Centre for Internet & Society

The blog post by Prachi Shrivastava was published in Legally India on April 23, 2012.

Rajya Sabha’s member of parliament (MP) from Kerala, P Rajeeve, whose statutory motion to annul the IT (Intermediaries Guidelines) Rules 2011 is slated for discussion in Parliament tomorrow, aims to convene a meeting of MPs, internet societies, and bloggers in the first week of May to create awareness against the draconian effect of the rules.

“Most of the MPs need to know about this,” Rajeeve told Legally India, explaining that statutory motions are generally not easy to pass. “Actually we are trying to create awareness by organizing a session. The issue will be the IT Rules 2011 and how it is against the constitution, how it is against natural justice, how it is against due process of law.”

“The motion has been accepted. The committee has allotted time for discussion on the twenty fourth. Thereafter it will come to the house. In this part of the session I am trying to coordinate other MPs to get support”, he said.

Rajeeve’s motion of 23 March 2012, as first reported by CIS-India, was not his first attempt at bringing the IT rules into the spotlight. When the rules were in draft stage, he had made a zero hour mention against them for being in violation of freedom of speech and expression, by over-scrutinising bloggers, over-authorising intermediaries, and letting the government, individuals and institutions by-pass the due process of law.

Rajeeve was one of the nine panelists in the open discussion on “Resisting Internet Censorship”, organised by the Centre for Internet and Society (CIS) and Foundation for Media Professionals, in Bangalore on Saturday, 21 April. The discussion, addressing an audience of 40, was moderated by veteran journalist Paranjoy Guha Thakurta.

Other panelists included Mahesh Murthy, founder of digital marketing website Pinstorm, Sudhir Krishnaswamy, founding member of Centre for Law and Policy Research, Na Vijayashankar, director of Cyber Law College, and Siddharth Narain from the Alternative Law Forum.

Also on the panel were Rishabh Dara, Google policy fellow who conducted a study last year on intermediary liability in India and its chilling effects on free expression, BG Mahesh, founder of Oneindia.com, Ram Bhat, co-founder of community media collective Maraa, and Pranesh Prakash, programme manager at CIS.

Prakash said that the discussion brought together different perspectives, even those of the entrepreneur, like BG Mahesh and Mahesh Murthy. “Transparency in the terms of censorship is good. We are not saying all censorship is bad, but that it should be transparent.”

Prakash told Legally India about the various experiences shared by panelists, of the lack of transparency in the present system of censorship. While one faced harassment by the police over trivial procedural compliances, there was complaint for defamation against an article syndicated by another from a different publication’s press release. “And we read the article over and over and over again but couldn’t find anything which was remotely defamatory.”

Legal experts on the panel, Kirshnaswamy and Vijayashankar, spoke about the constitutionalism behind free speech provisions. Narain shed light on the fact that while excessive energy has been expended on highlighting which content should not be banned, little has been spent on examining the operative procedures behind censorship.

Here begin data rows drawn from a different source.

(* Let $q\ge 2$ and let $D$ be a directed graph on $n$ vertices which has an induced acyclic subgraph on $I$ vertices. If $$(n-I)\left(\frac{q}{q-1}\right)^{I} < q,$$ then $D$ is not $q$-solvable.
   Context: A directed graph $D=(V,E)$ has arcs $E \subseteq \{(u,v)\in V^2 : u \neq v\}$ (bidirectional pairs allowed). An induced subgraph is acyclic if it contains no directed cycle. $N^-(v)=\{u:(u,v)\in E\}$. For $q\ge2$ let $[q]=\{0,\dots,q-1\}$. A $D$-function over $[q]$ is a map $f=(f_v)_{v\in V}:[q]^V\to[q]^V$ with each $f_v(x)$ depending only on $(x_u)_{u\in N^-(v)}$. $D$ is $q$-solvable if some $D$-function $f$ over $[q]$ has the property that for every $x\in[q]^V$ there is $v$ with $f_v(x)=x_v$. *)

theory Defs
  imports "HOL-Analysis.Analysis" "HOL-Library.FuncSet"
begin

definition digraph :: "'v set \<Rightarrow> ('v \<times> 'v) set \<Rightarrow> bool" where
  "digraph V E \<longleftrightarrow> E \<subseteq> {(u, v). u \<in> V \<and> v \<in> V \<and> u \<noteq> v}"

definition in_nbrs :: "('v \<times> 'v) set \<Rightarrow> 'v \<Rightarrow> 'v set" where
  "in_nbrs E v = {u. (u, v) \<in> E}"

definition induced_acyclic :: "'v set \<Rightarrow> ('v \<times> 'v) set \<Rightarrow> 'v set \<Rightarrow> bool" where
  "induced_acyclic V E S \<longleftrightarrow> S \<subseteq> V \<and> acyclic (E \<inter> (S \<times> S))"

text \<open>Configurations x \<in> [q]^V, with [q] = {0..<q}; represented extensionally.\<close>
definition configs :: "'v set \<Rightarrow> nat \<Rightarrow> ('v \<Rightarrow> nat) set" where
  "configs V q = V \<rightarrow>\<^sub>E {..<q}"
text \<open>Both P and its push-forward P' are diagonal Gaussians, the i-th component of P' being
  N(a_i mu_i + b_i, |a_i| sigma_i), so D_KL[P' || P] is a sum of one-dimensional Gaussian KL
  divergences. Eliminating b_i by the constraint and standardising, the i-th summand becomes
  -ln|a_i| + ((v_i - a_i u_i)^2 + a_i^2)/2 - 1/2, a function of a_i alone. On each half-line
  a > 0 and a < 0 it is strictly convex with its critical point at a root of
  (1 + u_i^2) a^2 - u_i v_i a - 1 = 0, and the two roots have opposite signs; hence a minimiser
  exists and every minimiser is one of the two roots. Since |a_i| sigma_i and a_i sigma_i
  give the same normal density, the marginals of P' have the stated form.\<close>

lemma distr_PiM_componentwise:
  assumes "finite I" and "product_sigma_finite M" and "product_sigma_finite N"
    and f: "\<And>i. i \<in> I \<Longrightarrow> f i \<in> measurable (M i) (N i)"
    and distr_f: "\<And>i. i \<in> I \<Longrightarrow> distr (M i) (N i) (f i) = N i"
  shows "distr (PiM I M) (PiM I N) (\<lambda>x. \<lambda>i\<in>I. f i (x i)) = PiM I N"
proof -
  interpret M: product_sigma_finite M by fact
  interpret N: product_sigma_finite N by fact
  have F: "(\<lambda>x. \<lambda>i\<in>I. f i (x i)) \<in> measurable (PiM I M) (PiM I N)"
    using f by (intro measurable_restrict measurable_compose[OF measurable_component_singleton]) auto
  show ?thesis
  proof (rule N.PiM_eqI)
    fix A assume A: "\<And>i. i \<in> I \<Longrightarrow> A i \<in> sets (N i)"
    have "(\<lambda>x. \<lambda>i\<in>I. f i (x i)) -` PiE I A \<inter> space (PiM I M)
        = PiE I (\<lambda>i. f i -` A i \<inter> space (M i))"
      by (auto simp: space_PiM PiE_iff)
    then have "emeasure (distr (PiM I M) (PiM I N) (\<lambda>x. \<lambda>i\<in>I. f i (x i))) (PiE I A)
        = emeasure (PiM I M) (PiE I (\<lambda>i. f i -` A i \<inter> space (M i)))"
      using A F by (simp add: emeasure_distr sets_PiM_I_finite \<open>finite I\<close>)
    also have "\<dots> = (\<Prod>i\<in>I. emeasure (M i) (f i -` A i \<inter> space (M i)))"
      using A f by (intro M.emeasure_PiM \<open>finite I\<close>) auto
    also have "\<dots> = (\<Prod>i\<in>I. emeasure (N i) (A i))"
      using A f by (intro prod.cong refl) (metis distr_f emeasure_distr)
    finally show "emeasure (distr (PiM I M) (PiM I N) (\<lambda>x. \<lambda>i\<in>I. f i (x i))) (PiE I A)
        = (\<Prod>i\<in>I. emeasure (N i) (A i))" .
  qed (auto intro: \<open>finite I\<close>)
qed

Dara spoke about his research and how it not only revealed that content was being frivolously removed on complaints to intermediaries, but also that the people whose content was being removed were not being informed of the same. There was no public notice of the removal.

Bhat’s discourse drew attention to the history of censorship in India and elicited the fact that the Indian press has in fact been censored in an upsetting manner even since the revolt of 1857.

Murthy made the observation that statistically speaking, in India the number of internet users exceeds television watchers, which has made social media unfathomably important while the internet is no longer elitist.

A number of related Indian initiatives have been gathering momentum in recent months, such as  signature campaigns for internet freedom, and offline protests such as the Free Software Movement in Karnataka and the Save your Voice in Delhi, are the order of the day. Other actions include writing to MPs, asking them to vote in favor of Rajeeve’s statutory motion for annulment of the IT rules.

Kerala-based advocate Shojan Jacob filed the first ever writ challenging the rules in the Kerala High Court last month.

The rules enable any individual or public or private institution to get content removed from websites, in most cases simply by notifying the website owners or intermediaries such as Google, Yahoo and others.

Takedown requests can be based on any of 15 vaguely drafted parameters, without stating any reasons or requiring any judicial or quasi-judicial order in support.